Very good Mr. Renfield, drink a little more TypeA and you can have your breakfast.
1. Oh!, I'm sorry, but I just COULDN'T eat another bite.
2. Oh my gosh! Where'd you find him? He disappeared from the fishbowl weeks ago.
3. Thanks, but no. I've got MY frog right here.
4. Frog with your coffee sir?
5. Yessir...Here at the Natural Cafe we show our customers
all the ingredients we put into our yogurt.
6. No...no.. I think I'd prefer a red one.
7. Okay. I'll take it and could I also have a pound of flies to go?
"And this will be strike 3 for you Mr. Banerjee. As you know, this office has a strict no coffee/no frogs policy."
"No - I'm sure I left mine in the car."
"Yes that looks fine - medium rare please."

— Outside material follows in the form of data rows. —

(* Let $\Phi=(A;A^*;\{E_i\}_{i=0}^d;\{E^*_i\}_{i=0}^d)$ be a Leonard system in $\mathcal A$ with eigenvalue sequence $\theta_0,\dots,\theta_d$, and let $c_i$, $\nu$ be as defined below. Then $$(\theta_0-\theta_1)(\theta_0-\theta_2)\cdots(\theta_0-\theta_d)=\nu\,c_1c_2\cdots c_d .$$
   Context: Let $\mathbb K$ be a field, $d\ge 0$ an integer, and $\mathcal A$ a $\mathbb K$-algebra isomorphic to the full matrix algebra $\mathrm{Mat}_{d+1}(\mathbb K)$; $I$ is its identity. An element of $\mathcal A$ is multiplicity-free if it has $d+1$ mutually distinct eigenvalues in $\mathbb K$. If $A$ is multiplicity-free with eigenvalues $\theta_0,\dots,\theta_d$, the primitive idempotent of $A$ associated with $\theta_i$ is $E_i=\prod_{j\ne i}(A-\theta_jI)/(\theta_i-\theta_j)$. A Leonard system in $\mathcal A$ is a sequence $\Phi=(A;A^*;\{E_i\}_{i=0}^d;\{E^*_i\}_{i=0}^d)$ such that (i) $A,A^*\in\mathcal A$ are multiplicity-free; (ii) $E_0,\dots,E_d$ is an ordering of the primitive idempotents of $A$; (iii) $E^*_0,\dots,E^*_d$ is an ordering of the primitive idempotents of $A^*$; (iv) $E_iA^*E_j=0$ if $|i-j|>1$ and $E_iA^*E_j\ne0$ if $|i-j|=1$ ($0\le i,j\le d$); (v) $E^*_iAE^*_j=0$ if $|i-j|>1$ and $E^*_iAE^*_j\ne0$ if $|i-j|=1$ ($0\le i,j\le d$). Here $A^*$ is merely notation (not an adjoint). Write $\theta_i$ for the eigenvalue of $A$ associated with $E_i$. The scalar $\mathrm{tr}(E_0E^*_0)$ is nonzero; $\nu$ denotes its multiplicative inverse. Standard basis: for an irreducible (left) $\mathcal A$-module $V$ and a nonzero $u\in E_0V$, the vectors $E^*_0u,\dots,E^*_du$ form a basis of $V$; the matrix of $A$ in this basis is tridiagonal and independent of the choice of $u$; $c_i$ ($1\le i\le d$) is its $(i,i-1)$ entry. *)

theory Defs
  imports "Jordan_Normal_Form.Matrix" "Jordan_Normal_Form.Char_Poly"
begin

text \<open>The algebra \<A> is taken to be Mat_{d+1}(K) itself (square matrices of size d+1
  over a field K), with identity 1_m (d+1).\<close>

definition mtrace :: "'a::comm_ring_1 mat \<Rightarrow> 'a" where
  "mtrace M = (\<Sum>i<dim_row M. M $$ (i, i))"

definition mat_prod_list :: "nat \<Rightarrow> 'a::semiring_1 mat list \<Rightarrow> 'a mat" where
  "mat_prod_list n Ms = foldr (\<lambda>M acc. M * acc) Ms (1\<^sub>m n)"

definition mult_free :: "nat \<Rightarrow> 'a::field mat \<Rightarrow> bool" where
  "mult_free d A \<longleftrightarrow> A \<in> carrier_mat (d+1) (d+1) \<and>
     (\<exists>\<theta>::nat \<Rightarrow> 'a. inj_on \<theta> {..d} \<and> (\<forall>i\<le>d. eigenvalue A (\<theta> i)))"

definition prim_idem :: "nat \<Rightarrow> 'a::field mat \<Rightarrow> (nat \<Rightarrow> 'a) \<Rightarrow> nat \<Rightarrow> 'a mat" where
  "prim_idem d A \<theta> i = mat_prod_list (d+1)
     (map (\<lambda>j. (1 / (\<theta> i - \<theta> j)) \<cdot>\<^sub>m (A - \<theta> j \<cdot>\<^sub>m 1\<^sub>m (d+1)))
          (filter (\<lambda>j. j \<noteq> i) [0..<d+1]))"

definition idem_ordering :: "nat \<Rightarrow> 'a::field mat \<Rightarrow> (nat \<Rightarrow> 'a mat) \<Rightarrow> (nat \<Rightarrow> 'a) \<Rightarrow> bool" where
  "idem_ordering d A E \<theta> \<longleftrightarrow> inj_on \<theta> {..d} \<and> (\<forall>i\<le>d. eigenvalue A (\<theta> i)) \<and>
     (\<forall>i\<le>d. E i = prim_idem d A \<theta> i)"

definition leonard_system ::
  "nat \<Rightarrow> 'a::field mat \<Rightarrow> 'a mat \<Rightarrow> (nat \<Rightarrow> 'a mat) \<Rightarrow> (nat \<Rightarrow> 'a mat) \<Rightarrow> bool" where
  "leonard_system d A As E Es \<longleftrightarrow>
     mult_free d A \<and> mult_free d As \<and>
     (\<exists>\<theta>. idem_ordering d A E \<theta>) \<and>
     (\<exists>\<theta>s. idem_ordering d As Es \<theta>s) \<and>
     (\<forall>i\<le>d. \<forall>j\<le>d. (i > j + 1 \<or> j > i + 1) \<longrightarrow> E i * As * E j = 0\<^sub>m (d+1) (d+1)) \<and>
     (\<forall>i\<le>d. \<forall>j\<le>d. (i = j + 1 \<or> j = i + 1) \<longrightarrow> E i * As * E j \<noteq> 0\<^sub>m (d+1) (d+1)) \<and>
     (\<forall>i\<le>d. \<forall>j\<le>d. (i > j + 1 \<or> j > i + 1) \<longrightarrow> Es i * A * Es j = 0\<^sub>m (d+1) (d+1)) \<and>
     (\<forall>i\<le>d. \<forall>j\<le>d. (i = j + 1 \<or> j = i + 1) \<longrightarrow> Es i * A * Es j \<noteq> 0\<^sub>m (d+1) (d+1))"
context
  fixes n :: nat and V :: "int set" and P :: "int \<Rightarrow> int"
  assumes n: "n > 0" and row: "row_matching n V P"
begin

lemma periodic_vertical: "periodic n V"
  using row unfolding row_matching_def by blast

lemma vertical_nonempty: "V \<noteq> {}"
  using row unfolding row_matching_def by blast

lemma partner_add_mult: "P (k + q * int n) = P k + q * int n"
  using row add_mult_shift[of P "int n" "int n"] unfolding row_matching_def by blast

lemma partner_not_vertical: "k \<notin> V \<Longrightarrow> P k \<notin> V"
  using row unfolding row_matching_def by blast

lemma partner_partner: "k \<notin> V \<Longrightarrow> P (P k) = k"
  using row unfolding row_matching_def by blast

lemma partner_neq: "k \<notin> V \<Longrightarrow> P k \<noteq> k"
  using row unfolding row_matching_def by blast

lemma arc_not_over_vertical: "k \<notin> V \<Longrightarrow> v \<in> V \<Longrightarrow> k < v \<Longrightarrow> v < P k \<Longrightarrow> False"
  using row unfolding row_matching_def by blast

lemma arc_not_over_vertical': "k \<notin> V \<Longrightarrow> v \<in> V \<Longrightarrow> P k < v \<Longrightarrow> v < k \<Longrightarrow> False"
  using arc_not_over_vertical[of "P k" v] partner_not_vertical partner_partner by metis

lemma arcs_not_crossing:
  "k \<notin> V \<Longrightarrow> l \<notin> V \<Longrightarrow> k < l \<Longrightarrow> l < P k \<Longrightarrow> P k < P l \<Longrightarrow> False"
  using row unfolding row_matching_def by blast

lemma lab_partner_neq:
  assumes k: "k \<notin> V"
  shows "lab n (P k) \<noteq> lab n k"
proof
  assume "lab n (P k) = lab n k"
  then have "P k mod int n = k mod int n" using lab_eq_iff[OF n] by simp
  then obtain q where q: "P k = k + q * int n"
    by (metis mod_eq_dvd_iff dvd_def mult.commute add_diff_cancel_left' diff_add_cancel)
  have "P (P k) = P k + q * int n" using partner_add_mult[of k q] q by simp
  then have "k = k + 2 * q * int n" using partner_partner[OF k] q by simp
  then have "q = 0" using n by simp
  then show False using q partner_neq[OF k] by simp
qed

lemma partner_less:
  assumes k: "k \<notin> V"
  shows "P k < k + int n"
proof (rule ccontr)
  assume "\<not> P k < k + int n"
  moreover have "P k \<noteq> k + int n"
    using lab_partner_neq[OF k] lab_add[of n k] by metis
  ultimately have gt: "k + int n < P k" by simp
  obtain v where v: "v \<in> V" "k + 1 \<le> v" "v < k + 1 + int n"
    using periodic_obtain_in_window[OF n periodic_vertical vertical_nonempty] .
  then have "k < v" "v < P k" using gt by auto
  then show False using arc_not_over_vertical[OF k v(1)] by blast
qed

"Well - it was dead when I finished the biology class!"
"Oh my! I never thought I'd see him again, thank you!"
It wasn’t in the bed when I woke up!
"No, Thanks. Smells like chicken."
Steve Lund
"No thanks, last time I ate them I thought I would croak!"
"I told you I had a frog in my throat."
It's a Boy!
OK Mr. Magic Man, where's moma?
I’m terribly sorry, Mr. Garcia. I understand that you believe that Little Freddy’s presence stimulates your creative thinking processes, but according to workplace policy, this is strictly a NAO, a no-amphibian office.
No thanks, Allyson. Coffee's fine. But lick away. We all need our morning kick.
Are you the person who complained of a fly in his soup?
Dick Coanda
"YES! He's the one - he came in here trying to bypass the audition process for the lead in the nursery rhyme, 'A frog he would awooing go, Heigh Ho ...' Tried to offer me one of his babes!"
1) I just KNEW someone stuck something on my back when I came in!
2) Well what do you know! Who knows what they'll tatoo next?